Afrifund Consortium — Sipho Maseko

Former Telkom Group CEO Sipho Maseko is the founder and executive chairman of Afrifund.
Maseko was appointed Group CEO of Telkom in April 2013 and served as an executive director until December 2021.
Before joining Telkom, he served as group chief operating officer and managing director at Vodacom.
Prior to Vodacom, he held various roles at BP starting in 1997, serving as the CEO of BP Southern Africa from 2008 to 2012 and chief operating officer before that.
He has also served as chairman of the board of Sapref and as non-executive director of Afrox and BMW South Africa.
Identity Partners — Sonja de Bruyn

Sonja de Bruyn is the principal partner of Identity Partners and has 22 years of transacting and corporate finance advisory experience in mergers and acquisitions in South Africa and abroad, including BEE transactions.
De Bruyn was previously a vice president at Deutsche Bank, South Africa and currently serves as a non-executive director on the boards of RMB Holdings, RMI Holdings, Discovery Holdings, and Remgro Group.

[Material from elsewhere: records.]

theorem proposition1:
  shows "\<exists>c>0. \<forall>T::nat. \<forall>(P :: real measure) (pol :: asd_alg).
           T \<ge> 2 \<longrightarrow> prob_space P \<longrightarrow> valid_alg (T^2) T P pol \<longrightarrow>
           (\<exists>Q. prob_space Q \<and> sets Q = sets (param_space (T^2)) \<and>
                (AE \<theta> in Q. \<forall>x\<in>{1..T^2}. \<theta> x \<in> {0..1}) \<and>
                bayes_regret (T^2) T Q P pol \<ge> c * real T)"
proof (intro exI[of _ "1/4 :: real"] conjI allI impI)
  fix T :: nat and P :: "real measure" and pol :: asd_alg
  assume "T \<ge> 2" "prob_space P" "valid_alg (T^2) T P pol"
  moreover from \<open>T \<ge> 2\<close> have "2 * T \<le> T^2"
    by (simp add: power2_eq_square)
  ultimately have "1/4 * real T \<le> bayes_regret (T^2) T (uniform_cube_prior (T^2)) P pol"
    using bayes_regret_uniform_cube_prior_ge by simp
  then show "\<exists>Q. prob_space Q \<and> sets Q = sets (param_space (T^2)) \<and>
                (AE \<theta> in Q. \<forall>x\<in>{1..T^2}. \<theta> x \<in> {0..1}) \<and>
                bayes_regret (T^2) T Q P pol \<ge> 1/4 * real T"
    using prob_space_uniform_cube_prior sets_uniform_cube_prior AE_uniform_cube_prior_unit_interval
    by blast
qed simp

end
(* Let $\mathcal{A}$ be a separating union-closed family with base set $[n]$, height $h$, and $h=|\mathcal{B}(\mathcal{A})|=4$. Then \[\mathrm{Avg}(\mathcal{A}) = \frac{\sum_{A\in\mathcal{A}}|A|}{|\mathcal{A}|} > \Big\lfloor \frac{n}{2} \Big\rfloor - 1.\]
   Context: A family of sets $\mathcal{A}$ is union-closed if it is a finite family of distinct finite sets with at least one nonempty member set, and $X,Y\in\mathcal{A}$ implies $X\cup Y\in\mathcal{A}$ (the empty set may be a member). For a family $\mathcal{F}$, $b(\mathcal{F})=\bigcup_{F\in\mathcal{F}}F$; the base set $b(\mathcal{A})$ is denoted $[n]=\{1,\dots,n\}$. $\mathcal{A}$ is separating if for any two distinct $x,y\in[n]$ there is $A\in\mathcal{A}$ containing exactly one of $x,y$. A chain in $\mathcal{A}$ is a subfamily any two distinct members of which are comparable under proper inclusion; the height $h$ of $\mathcal{A}$ is the maximum size of a chain in $\mathcal{A}$. For real $x\ge 0$, $\mathcal{A}_{<x}=\{A\in\mathcal{A} : |A|<x\}$. For $\mathcal{S}\subseteq\mathcal{A}$ and $S\in\mathcal{S}$, $\mathrm{irr}_{\mathcal{S}}(S)=\{s\in S : s\notin b(\mathcal{S}\setminus\{S\})\}$, and $\mathcal{S}$ is irredundant if $\mathrm{irr}_{\mathcal{S}}(S)\neq\emptyset$ for every $S\in\mathcal{S}$. Set $B=b(\mathcal{A}_{<n/2})$, and let $\mathcal{B}(\mathcal{A})$ denote any irredundant subfamily of $\mathcal{A}_{<n/2}$ of minimum size such that $b(\mathcal{B}(\mathcal{A}))=B$. *)

theory Defs
  imports Complex_Main
begin

definition base :: "nat set set \<Rightarrow> nat set" where
  "base F = \<Union>F"

definition union_closed :: "nat set set \<Rightarrow> bool" where
  "union_closed \<A> \<longleftrightarrow> finite \<A> \<and> (\<forall>X\<in>\<A>. finite X) \<and> (\<exists>X\<in>\<A>. X \<noteq> {}) \<and>
     (\<forall>X\<in>\<A>. \<forall>Y\<in>\<A>. X \<union> Y \<in> \<A>)"

definition separating :: "nat set set \<Rightarrow> nat \<Rightarrow> bool" where
  "separating \<A> n \<longleftrightarrow> (\<forall>x\<in>{1..n}. \<forall>y\<in>{1..n}. x \<noteq> y \<longrightarrow>
     (\<exists>A\<in>\<A>. (x \<in> A \<and> y \<notin> A) \<or> (y \<in> A \<and> x \<notin> A)))"

definition is_chain :: "nat set set \<Rightarrow> nat set set \<Rightarrow> bool" where
  "is_chain \<A> C \<longleftrightarrow> C \<subseteq> \<A> \<and> (\<forall>X\<in>C. \<forall>Y\<in>C. X \<noteq> Y \<longrightarrow> X \<subset> Y \<or> Y \<subset> X)"

definition height :: "nat set set \<Rightarrow> nat" where
  "height \<A> = Max {card C | C. is_chain \<A> C}"

definition below :: "nat set set \<Rightarrow> real \<Rightarrow> nat set set" where
  "below \<A> x = {A \<in> \<A>. real (card A) < x}"

definition irr :: "nat set set \<Rightarrow> nat set \<Rightarrow> nat set" where
  "irr S X = {s \<in> X. s \<notin> base (S - {X})}"

definition irredundant :: "nat set set \<Rightarrow> bool" where
  "irredundant S \<longleftrightarrow> (\<forall>X\<in>S. irr S X \<noteq> {})"

definition B_candidate :: "nat set set \<Rightarrow> nat \<Rightarrow> nat set set \<Rightarrow> bool" where
  "B_candidate \<A> n S \<longleftrightarrow> S \<subseteq> below \<A> (real n / 2) \<and> irredundant S \<and>
     base S = base (below \<A> (real n / 2))"

text \<open>S is a choice of B(A): a candidate of minimum size.\<close>
definition is_BA :: "nat set set \<Rightarrow> nat \<Rightarrow> nat set set \<Rightarrow> bool" where
  "is_BA \<A> n S \<longleftrightarrow> B_candidate \<A> n S \<and> (\<forall>S'. B_candidate \<A> n S' \<longrightarrow> card S \<le> card S')"

definition avg :: "nat set set \<Rightarrow> real" where
  "avg \<A> = (\<Sum>A\<in>\<A>. real (card A)) / real (card \<A>)"

end

theory Submission
  imports Defs
begin

(* Let f = n div 2 and call a member small if it has fewer than n/2 elements. As [n] is a
   member and the height is 4, no four members other than [n] form a chain. Hence the
   irredundant family B(A) covers [n], and by minimality of |B(A)| = 4 no three small sets
   cover [n]. It follows that small sets are minimal members, that S1 \<union> S is not small for
   distinct small S1, S, and that small sets S, S' with S1 \<union> S = S1 \<union> S' satisfy
   S \<union> S' = S1 \<union> S.
   It suffices that the surpluses |X| - (f - 1) of the members have a positive sum. Fix a
   member S1 of negative surplus and group the other ones S by Y = S1 \<union> S. Within a group
   the sets Y - S are disjoint subsets of S1, so a group together with Y has surplus at
   least 2 (|Y| - f + 1) - |S1|; as A is separating, this is negative for at most one Y.
   Adding the surpluses of [n] and S1 gives a positive total. *)

lemma chain_length_le_height:
  assumes "finite \<A>" and "set Xs \<subseteq> \<A>" and "sorted_wrt (\<subset>) Xs"
  shows "length Xs \<le> height \<A>"
proof -
  have "distinct Xs" using assms(3) by (induction Xs) auto
  then have len: "length Xs = card (set Xs)" by (simp add: distinct_card)
  have "is_chain \<A> (set Xs)"
    using assms(2,3) by (induction Xs) (auto simp: is_chain_def)
  moreover have "finite {card C | C. is_chain \<A> C}"
    by (rule finite_subset[of _ "{..card \<A>}"])
      (use assms(1) in \<open>auto simp: is_chain_def intro: card_mono\<close>)
  ultimately show ?thesis unfolding len height_def by (auto intro: Max_ge)
qed

lemma union_closed_Union_mem:
  assumes "union_closed \<A>" and "finite \<F>" and "\<F> \<noteq> {}" and "\<F> \<subseteq> \<A>"
  shows "\<Union>\<F> \<in> \<A>"
  using assms(2-4)
  by (induction \<F> rule: finite_ne_induct) (use assms(1) in \<open>auto simp: union_closed_def\<close>)

lemma irredundant_subset:
  assumes "irredundant \<F>" and "\<G> \<subseteq> \<F>"
  shows "irredundant \<G>"
proof -
  have "irr \<F> X \<subseteq> irr \<G> X" for X
    using assms(2) by (auto simp: irr_def base_def)
  then show ?thesis using assms unfolding irredundant_def by blast
qed

lemma irredundant_subfamily_exists:
  assumes "finite \<F>"
  shows "\<exists>\<F>'\<subseteq>\<F>. irredundant \<F>' \<and> \<Union>\<F>' = \<Union>\<F>"
  using assms
proof (induction "card \<F>" arbitrary: \<F> rule: less_induct)
  case less
  show ?case
  proof (cases "irredundant \<F>")
    case True
    then show ?thesis by blast
  next
    case False
    then obtain X where X: "X \<in> \<F>" "irr \<F> X = {}" unfolding irredundant_def by blast
    then have "X \<subseteq> \<Union>(\<F> - {X})" unfolding irr_def base_def by blast
    then have same_Union: "\<Union>(\<F> - {X}) = \<Union>\<F>" using X(1) by blast
    have "card (\<F> - {X}) < card \<F>" using less.prems X(1) by (rule card_Diff1_less)
    then obtain \<F>' where "\<F>' \<subseteq> \<F> - {X}" "irredundant \<F>'" "\<Union>\<F>' = \<Union>(\<F> - {X})"
      using less.hyps less.prems by (metis finite_Diff)
    then show ?thesis using same_Union by (intro exI[of _ \<F>']) auto
  qed
qed

text \<open>The chain consists of the unions of the first \<open>k\<close> members, \<open>1 \<le> k \<le> |\<F>|\<close>.\<close>
lemma irredundant_union_chain:
  assumes "union_closed \<A>" and "finite \<F>" and "\<F> \<noteq> {}" and "\<F> \<subseteq> \<A>" and "irredundant \<F>"
  shows "\<exists>Xs. length Xs = card \<F> \<and> sorted_wrt (\<subset>) Xs \<and> set Xs \<subseteq> \<A> \<and>
    (\<forall>X\<in>set Xs. X \<subseteq> \<Union>\<F>)"
  using assms(2-5)
proof (induction \<F> rule: finite_ne_induct)
  case (singleton X)
  then show ?case by (intro exI[of _ "[X]"]) auto
next
  case (insert X \<F>)
  obtain Xs where Xs: "length Xs = card \<F>" "sorted_wrt (\<subset>) Xs" "set Xs \<subseteq> \<A>"
    "\<forall>Y\<in>set Xs. Y \<subseteq> \<Union>\<F>"
    using insert irredundant_subset[OF insert.prems(2)] by blast
  have "insert X \<F> - {X} = \<F>" using insert.hyps(3) by blast
  then have "irr (insert X \<F>) X = X - \<Union>\<F>" by (auto simp: irr_def base_def)
  moreover have "irr (insert X \<F>) X \<noteq> {}" using insert.prems(2) unfolding irredundant_def by blast
  ultimately have grow: "\<Union>\<F> \<subset> X \<union> \<Union>\<F>" by blast
  have "X \<union> \<Union>\<F> \<in> \<A>"
    using union_closed_Union_mem[OF assms(1) insert.hyps(1,2)] insert.prems(1) assms(1)
    by (auto simp: union_closed_def)
  then show ?case using Xs grow insert.hyps
    by (intro exI[of _ "Xs @ [X \<union> \<Union>\<F>]"]) (auto simp: sorted_wrt_append)
qed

She holds an LLB (Honours) degree from the London School of Economics, an MA in Economics and Business from McGill University in Montreal, and she completed the Harvard Executive Programme in 2012.
De Bruyn was recently embroiled in a legal battle between Dimension Data (now NTT Data) and former executives accused of manipulating a BEE deal for their own profit.
The BEE deal in question was the sale of The Campus business park in Bryanston to Identity Fund Managers for around R1.3 billion. The property was reportedly valued at R1.6 billion.
When NTT Data initially confirmed its investigation into the deal in 2022, it said that De Bruyn and Identity Fund Managers were not implicated in the review.
It explained that De Bruyn was a long-standing director of Dimension Data at the time but recused herself from matters relating to the transaction.
However, NTT Data later said it would take legal action against De Bruyn and Identity Fund Managers partner Janice Johnston.
Responding to MyBroadband’s questions at the time, Johnston said that NTT Data had made a mistake in its media statement as neither she nor De Bruyn were mentioned in the court papers.
She said NTT Data’s attorneys had also informed them that the company would not pursue legal recourse against them.
While the case brought before the Johannesburg High Court did ultimately cite Identity Fund Managers as a respondent, the judge’s ruling absolved De Bruyn and Johnston of any wrongdoing.
According to the ruling, Identity Fund Managers was essentially pushed out of The Campus transaction by the agent of six former Dimension Data executives, including cofounder Jeremy Ord.
However, Ord and the executives maintain their innocence. They said the judge drew her conclusions based on emails that had nothing to do with The Campus transaction and complained that she ruled without giving them a hearing in court.
Judge Denise Fisher recently granted the executives leave to appeal her ruling in the Supreme Court.